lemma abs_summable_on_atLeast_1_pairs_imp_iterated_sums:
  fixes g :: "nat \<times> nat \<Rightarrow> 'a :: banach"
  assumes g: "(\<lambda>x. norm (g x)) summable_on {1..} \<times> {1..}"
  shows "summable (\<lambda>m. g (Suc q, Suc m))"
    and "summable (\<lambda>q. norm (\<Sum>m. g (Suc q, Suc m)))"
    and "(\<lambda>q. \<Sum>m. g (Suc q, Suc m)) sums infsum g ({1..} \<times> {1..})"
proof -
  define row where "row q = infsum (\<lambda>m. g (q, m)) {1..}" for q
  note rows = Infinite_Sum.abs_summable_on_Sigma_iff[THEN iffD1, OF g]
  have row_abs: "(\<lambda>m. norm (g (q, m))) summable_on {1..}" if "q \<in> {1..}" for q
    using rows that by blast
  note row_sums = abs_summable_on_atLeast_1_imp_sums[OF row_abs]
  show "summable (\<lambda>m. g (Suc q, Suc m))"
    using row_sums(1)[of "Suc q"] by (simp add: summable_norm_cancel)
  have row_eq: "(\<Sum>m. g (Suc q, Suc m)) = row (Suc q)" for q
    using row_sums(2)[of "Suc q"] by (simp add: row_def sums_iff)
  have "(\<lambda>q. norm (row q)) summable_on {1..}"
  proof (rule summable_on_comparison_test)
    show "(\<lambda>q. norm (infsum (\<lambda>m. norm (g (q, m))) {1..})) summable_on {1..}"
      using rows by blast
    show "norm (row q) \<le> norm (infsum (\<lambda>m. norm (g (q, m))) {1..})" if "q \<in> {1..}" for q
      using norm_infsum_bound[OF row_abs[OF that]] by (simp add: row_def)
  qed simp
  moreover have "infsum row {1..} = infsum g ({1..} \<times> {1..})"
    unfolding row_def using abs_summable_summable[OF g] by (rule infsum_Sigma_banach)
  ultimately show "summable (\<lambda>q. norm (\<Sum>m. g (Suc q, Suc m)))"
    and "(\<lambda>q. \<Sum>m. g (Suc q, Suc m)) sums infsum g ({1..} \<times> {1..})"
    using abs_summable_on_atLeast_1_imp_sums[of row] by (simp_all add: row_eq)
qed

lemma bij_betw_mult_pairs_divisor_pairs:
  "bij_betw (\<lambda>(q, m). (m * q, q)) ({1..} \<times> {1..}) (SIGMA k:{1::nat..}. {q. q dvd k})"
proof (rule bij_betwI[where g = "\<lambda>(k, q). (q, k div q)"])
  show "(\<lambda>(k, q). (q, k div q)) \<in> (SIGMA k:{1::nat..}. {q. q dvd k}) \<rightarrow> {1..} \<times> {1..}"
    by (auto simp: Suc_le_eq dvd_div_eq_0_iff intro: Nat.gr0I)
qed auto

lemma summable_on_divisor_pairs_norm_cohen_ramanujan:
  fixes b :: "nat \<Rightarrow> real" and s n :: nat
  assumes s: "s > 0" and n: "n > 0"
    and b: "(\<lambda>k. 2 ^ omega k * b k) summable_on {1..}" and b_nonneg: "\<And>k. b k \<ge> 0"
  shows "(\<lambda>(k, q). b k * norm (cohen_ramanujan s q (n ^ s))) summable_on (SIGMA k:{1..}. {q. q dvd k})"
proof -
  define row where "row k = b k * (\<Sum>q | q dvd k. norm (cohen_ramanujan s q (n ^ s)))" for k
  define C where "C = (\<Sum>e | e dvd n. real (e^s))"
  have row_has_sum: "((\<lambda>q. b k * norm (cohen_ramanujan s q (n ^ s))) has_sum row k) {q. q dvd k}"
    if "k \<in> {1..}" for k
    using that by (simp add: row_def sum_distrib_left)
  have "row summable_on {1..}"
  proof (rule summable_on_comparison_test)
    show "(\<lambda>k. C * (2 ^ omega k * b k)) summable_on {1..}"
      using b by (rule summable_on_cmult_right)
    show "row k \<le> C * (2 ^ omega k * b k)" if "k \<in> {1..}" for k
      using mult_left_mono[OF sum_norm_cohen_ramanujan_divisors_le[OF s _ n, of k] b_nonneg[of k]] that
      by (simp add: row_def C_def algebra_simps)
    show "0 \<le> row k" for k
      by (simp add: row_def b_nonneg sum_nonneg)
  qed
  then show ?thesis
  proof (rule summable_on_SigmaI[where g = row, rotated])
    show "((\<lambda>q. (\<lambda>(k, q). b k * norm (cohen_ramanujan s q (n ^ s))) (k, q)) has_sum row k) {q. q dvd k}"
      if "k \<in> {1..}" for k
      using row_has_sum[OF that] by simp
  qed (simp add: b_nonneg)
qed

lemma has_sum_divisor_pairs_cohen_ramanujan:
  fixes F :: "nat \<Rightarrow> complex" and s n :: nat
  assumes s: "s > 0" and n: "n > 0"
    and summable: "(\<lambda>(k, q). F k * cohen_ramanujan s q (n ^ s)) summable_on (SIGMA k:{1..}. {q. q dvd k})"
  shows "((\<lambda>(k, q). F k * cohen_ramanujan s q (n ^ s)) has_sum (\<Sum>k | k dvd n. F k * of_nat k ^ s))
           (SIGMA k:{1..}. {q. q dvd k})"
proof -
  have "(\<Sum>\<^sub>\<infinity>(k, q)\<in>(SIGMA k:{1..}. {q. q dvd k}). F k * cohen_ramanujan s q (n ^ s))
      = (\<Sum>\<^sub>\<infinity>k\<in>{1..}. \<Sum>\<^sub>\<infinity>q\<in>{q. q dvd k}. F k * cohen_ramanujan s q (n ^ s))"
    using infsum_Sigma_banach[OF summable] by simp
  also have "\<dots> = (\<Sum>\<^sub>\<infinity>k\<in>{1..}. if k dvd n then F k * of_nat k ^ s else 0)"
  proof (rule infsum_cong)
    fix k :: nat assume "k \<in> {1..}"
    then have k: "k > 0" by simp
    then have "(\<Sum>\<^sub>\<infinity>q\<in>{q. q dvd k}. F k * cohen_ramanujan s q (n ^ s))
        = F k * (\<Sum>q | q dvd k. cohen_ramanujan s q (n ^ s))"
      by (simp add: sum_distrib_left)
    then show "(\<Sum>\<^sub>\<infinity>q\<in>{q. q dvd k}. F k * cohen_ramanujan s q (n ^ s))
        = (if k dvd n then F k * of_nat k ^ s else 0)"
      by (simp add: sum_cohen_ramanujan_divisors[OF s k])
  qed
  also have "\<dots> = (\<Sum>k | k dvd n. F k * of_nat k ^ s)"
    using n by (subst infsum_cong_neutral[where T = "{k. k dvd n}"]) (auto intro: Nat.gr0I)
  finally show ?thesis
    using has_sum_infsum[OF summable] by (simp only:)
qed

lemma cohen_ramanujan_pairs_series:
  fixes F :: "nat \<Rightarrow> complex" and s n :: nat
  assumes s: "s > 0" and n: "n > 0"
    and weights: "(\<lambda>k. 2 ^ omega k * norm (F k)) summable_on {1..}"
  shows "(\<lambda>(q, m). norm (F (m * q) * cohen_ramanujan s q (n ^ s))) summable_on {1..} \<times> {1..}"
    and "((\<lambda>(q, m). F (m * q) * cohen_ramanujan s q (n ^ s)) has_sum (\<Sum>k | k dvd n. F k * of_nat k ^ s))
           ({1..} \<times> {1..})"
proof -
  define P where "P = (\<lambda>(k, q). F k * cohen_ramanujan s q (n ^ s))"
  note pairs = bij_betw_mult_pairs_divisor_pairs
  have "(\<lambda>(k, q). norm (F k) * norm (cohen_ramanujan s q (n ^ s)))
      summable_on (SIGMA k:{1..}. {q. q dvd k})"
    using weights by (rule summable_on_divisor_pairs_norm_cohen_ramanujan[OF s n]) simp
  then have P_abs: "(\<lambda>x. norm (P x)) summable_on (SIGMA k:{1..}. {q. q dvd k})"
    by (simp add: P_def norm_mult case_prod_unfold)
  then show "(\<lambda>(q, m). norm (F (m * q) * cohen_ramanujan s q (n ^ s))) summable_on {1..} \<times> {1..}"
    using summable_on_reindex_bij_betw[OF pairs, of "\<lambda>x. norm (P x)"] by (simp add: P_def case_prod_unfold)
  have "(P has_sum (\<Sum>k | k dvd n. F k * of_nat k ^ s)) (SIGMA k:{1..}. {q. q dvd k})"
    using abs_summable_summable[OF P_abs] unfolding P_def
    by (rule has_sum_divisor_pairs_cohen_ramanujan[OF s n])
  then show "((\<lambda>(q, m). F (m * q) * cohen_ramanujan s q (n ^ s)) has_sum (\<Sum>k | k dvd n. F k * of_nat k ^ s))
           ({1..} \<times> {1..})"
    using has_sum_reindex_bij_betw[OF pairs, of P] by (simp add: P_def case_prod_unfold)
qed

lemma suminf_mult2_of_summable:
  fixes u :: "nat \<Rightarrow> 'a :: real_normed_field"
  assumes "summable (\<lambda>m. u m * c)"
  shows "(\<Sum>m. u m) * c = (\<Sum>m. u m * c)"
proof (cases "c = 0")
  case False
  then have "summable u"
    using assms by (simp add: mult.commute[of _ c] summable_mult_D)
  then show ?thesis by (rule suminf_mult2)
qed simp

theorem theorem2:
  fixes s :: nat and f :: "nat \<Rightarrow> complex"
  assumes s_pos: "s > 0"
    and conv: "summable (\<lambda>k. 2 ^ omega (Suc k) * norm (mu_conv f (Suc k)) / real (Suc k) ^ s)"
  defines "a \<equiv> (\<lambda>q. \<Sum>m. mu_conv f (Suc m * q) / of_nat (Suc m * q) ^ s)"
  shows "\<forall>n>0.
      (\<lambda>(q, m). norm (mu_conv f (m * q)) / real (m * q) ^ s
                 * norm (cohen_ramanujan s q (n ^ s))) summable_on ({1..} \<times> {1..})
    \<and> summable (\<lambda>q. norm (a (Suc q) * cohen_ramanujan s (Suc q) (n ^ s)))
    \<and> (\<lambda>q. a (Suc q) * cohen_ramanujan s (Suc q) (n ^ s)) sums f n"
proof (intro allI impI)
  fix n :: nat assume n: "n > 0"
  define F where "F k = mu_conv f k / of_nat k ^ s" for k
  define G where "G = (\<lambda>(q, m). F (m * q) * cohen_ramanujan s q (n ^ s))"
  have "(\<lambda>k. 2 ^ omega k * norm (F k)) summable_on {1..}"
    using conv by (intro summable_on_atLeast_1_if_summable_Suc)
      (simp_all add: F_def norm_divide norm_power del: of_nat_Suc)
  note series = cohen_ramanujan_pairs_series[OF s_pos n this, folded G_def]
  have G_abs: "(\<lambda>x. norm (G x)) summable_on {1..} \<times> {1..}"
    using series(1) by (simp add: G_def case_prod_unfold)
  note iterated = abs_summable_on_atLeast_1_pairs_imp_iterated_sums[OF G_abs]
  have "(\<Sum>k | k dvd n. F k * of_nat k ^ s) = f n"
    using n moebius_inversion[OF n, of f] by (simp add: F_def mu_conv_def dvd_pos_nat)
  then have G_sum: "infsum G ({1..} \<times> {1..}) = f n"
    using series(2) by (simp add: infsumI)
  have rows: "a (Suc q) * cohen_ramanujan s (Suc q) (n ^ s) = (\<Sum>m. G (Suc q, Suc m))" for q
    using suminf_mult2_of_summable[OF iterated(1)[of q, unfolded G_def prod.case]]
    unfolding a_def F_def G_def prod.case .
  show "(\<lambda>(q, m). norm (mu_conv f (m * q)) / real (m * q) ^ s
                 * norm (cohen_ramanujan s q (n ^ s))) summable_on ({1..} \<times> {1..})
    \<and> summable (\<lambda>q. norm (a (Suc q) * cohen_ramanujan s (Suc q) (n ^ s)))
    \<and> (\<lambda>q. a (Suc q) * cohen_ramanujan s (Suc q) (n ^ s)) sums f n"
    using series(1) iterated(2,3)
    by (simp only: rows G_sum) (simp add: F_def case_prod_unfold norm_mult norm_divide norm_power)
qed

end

::::::::

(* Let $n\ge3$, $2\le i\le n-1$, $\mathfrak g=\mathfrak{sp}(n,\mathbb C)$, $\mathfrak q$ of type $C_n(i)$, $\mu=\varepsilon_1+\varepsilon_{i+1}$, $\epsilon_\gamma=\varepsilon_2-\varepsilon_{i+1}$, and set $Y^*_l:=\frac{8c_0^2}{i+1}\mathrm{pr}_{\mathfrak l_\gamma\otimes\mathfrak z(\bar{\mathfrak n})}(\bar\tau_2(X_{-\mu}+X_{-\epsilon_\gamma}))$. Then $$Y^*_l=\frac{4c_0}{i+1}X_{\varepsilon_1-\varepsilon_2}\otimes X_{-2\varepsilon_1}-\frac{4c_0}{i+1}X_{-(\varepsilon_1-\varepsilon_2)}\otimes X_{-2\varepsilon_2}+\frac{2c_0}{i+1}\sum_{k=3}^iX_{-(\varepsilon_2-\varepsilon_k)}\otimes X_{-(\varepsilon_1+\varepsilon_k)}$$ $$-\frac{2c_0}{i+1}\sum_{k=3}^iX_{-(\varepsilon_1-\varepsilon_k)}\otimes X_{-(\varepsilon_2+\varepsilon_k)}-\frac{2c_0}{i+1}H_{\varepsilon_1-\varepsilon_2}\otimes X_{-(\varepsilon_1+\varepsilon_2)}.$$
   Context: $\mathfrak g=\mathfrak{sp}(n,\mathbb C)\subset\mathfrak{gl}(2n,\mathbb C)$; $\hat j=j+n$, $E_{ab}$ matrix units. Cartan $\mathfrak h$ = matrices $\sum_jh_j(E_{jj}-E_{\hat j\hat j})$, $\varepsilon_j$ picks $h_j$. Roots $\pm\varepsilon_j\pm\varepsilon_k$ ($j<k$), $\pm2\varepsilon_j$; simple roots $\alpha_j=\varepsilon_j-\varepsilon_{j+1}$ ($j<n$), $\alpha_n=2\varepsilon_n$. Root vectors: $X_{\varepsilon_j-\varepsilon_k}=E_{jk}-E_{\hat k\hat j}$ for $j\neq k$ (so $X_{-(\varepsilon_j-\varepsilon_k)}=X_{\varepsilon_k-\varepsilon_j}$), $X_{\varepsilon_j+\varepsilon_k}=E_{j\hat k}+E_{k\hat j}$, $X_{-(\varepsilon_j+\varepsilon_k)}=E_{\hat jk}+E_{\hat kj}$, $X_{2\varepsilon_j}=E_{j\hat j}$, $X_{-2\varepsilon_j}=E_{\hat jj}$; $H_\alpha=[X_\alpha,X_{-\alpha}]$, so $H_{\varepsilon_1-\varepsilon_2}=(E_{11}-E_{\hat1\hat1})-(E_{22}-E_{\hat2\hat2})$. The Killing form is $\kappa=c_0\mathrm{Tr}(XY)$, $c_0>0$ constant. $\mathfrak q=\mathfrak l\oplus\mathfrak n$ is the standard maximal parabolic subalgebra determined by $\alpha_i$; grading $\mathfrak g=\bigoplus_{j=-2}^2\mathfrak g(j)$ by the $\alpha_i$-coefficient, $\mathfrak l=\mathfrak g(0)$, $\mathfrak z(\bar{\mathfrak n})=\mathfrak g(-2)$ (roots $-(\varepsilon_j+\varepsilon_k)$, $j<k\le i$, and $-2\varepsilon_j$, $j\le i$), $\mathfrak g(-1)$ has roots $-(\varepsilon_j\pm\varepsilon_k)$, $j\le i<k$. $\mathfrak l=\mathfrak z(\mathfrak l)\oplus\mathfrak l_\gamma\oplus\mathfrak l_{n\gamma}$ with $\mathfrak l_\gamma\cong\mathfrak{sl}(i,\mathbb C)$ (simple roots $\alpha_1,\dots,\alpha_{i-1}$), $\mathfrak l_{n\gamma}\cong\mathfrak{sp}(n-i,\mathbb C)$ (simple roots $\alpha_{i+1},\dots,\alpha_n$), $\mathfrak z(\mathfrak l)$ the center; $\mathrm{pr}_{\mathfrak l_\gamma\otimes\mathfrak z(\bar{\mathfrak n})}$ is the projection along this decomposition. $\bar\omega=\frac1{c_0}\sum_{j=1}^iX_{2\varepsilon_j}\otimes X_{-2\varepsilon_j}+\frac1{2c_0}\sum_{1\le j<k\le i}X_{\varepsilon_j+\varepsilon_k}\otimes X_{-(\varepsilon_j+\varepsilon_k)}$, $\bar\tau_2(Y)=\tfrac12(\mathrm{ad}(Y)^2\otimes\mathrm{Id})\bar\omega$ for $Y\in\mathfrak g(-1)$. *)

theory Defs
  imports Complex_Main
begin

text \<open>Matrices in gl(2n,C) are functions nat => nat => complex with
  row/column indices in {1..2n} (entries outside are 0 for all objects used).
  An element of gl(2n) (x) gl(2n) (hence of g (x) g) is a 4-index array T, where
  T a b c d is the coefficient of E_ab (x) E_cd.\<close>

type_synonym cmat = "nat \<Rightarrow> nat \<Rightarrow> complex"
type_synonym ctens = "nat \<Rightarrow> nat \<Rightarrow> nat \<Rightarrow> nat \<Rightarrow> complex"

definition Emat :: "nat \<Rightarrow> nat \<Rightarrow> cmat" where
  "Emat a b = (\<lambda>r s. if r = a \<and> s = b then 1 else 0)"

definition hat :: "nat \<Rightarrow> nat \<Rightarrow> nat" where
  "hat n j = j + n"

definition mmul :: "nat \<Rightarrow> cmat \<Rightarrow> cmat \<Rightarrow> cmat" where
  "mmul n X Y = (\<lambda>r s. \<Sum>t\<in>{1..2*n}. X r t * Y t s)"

::::::::

EXERCISE:
Show each line of the data that contains the string "unfolding".

RESULT OF THE EXERCISE:
    unfolding row_def using abs_summable_summable[OF g] by (rule infsum_Sigma_banach)
    using abs_summable_summable[OF P_abs] unfolding P_def
    unfolding a_def F_def G_def prod.case .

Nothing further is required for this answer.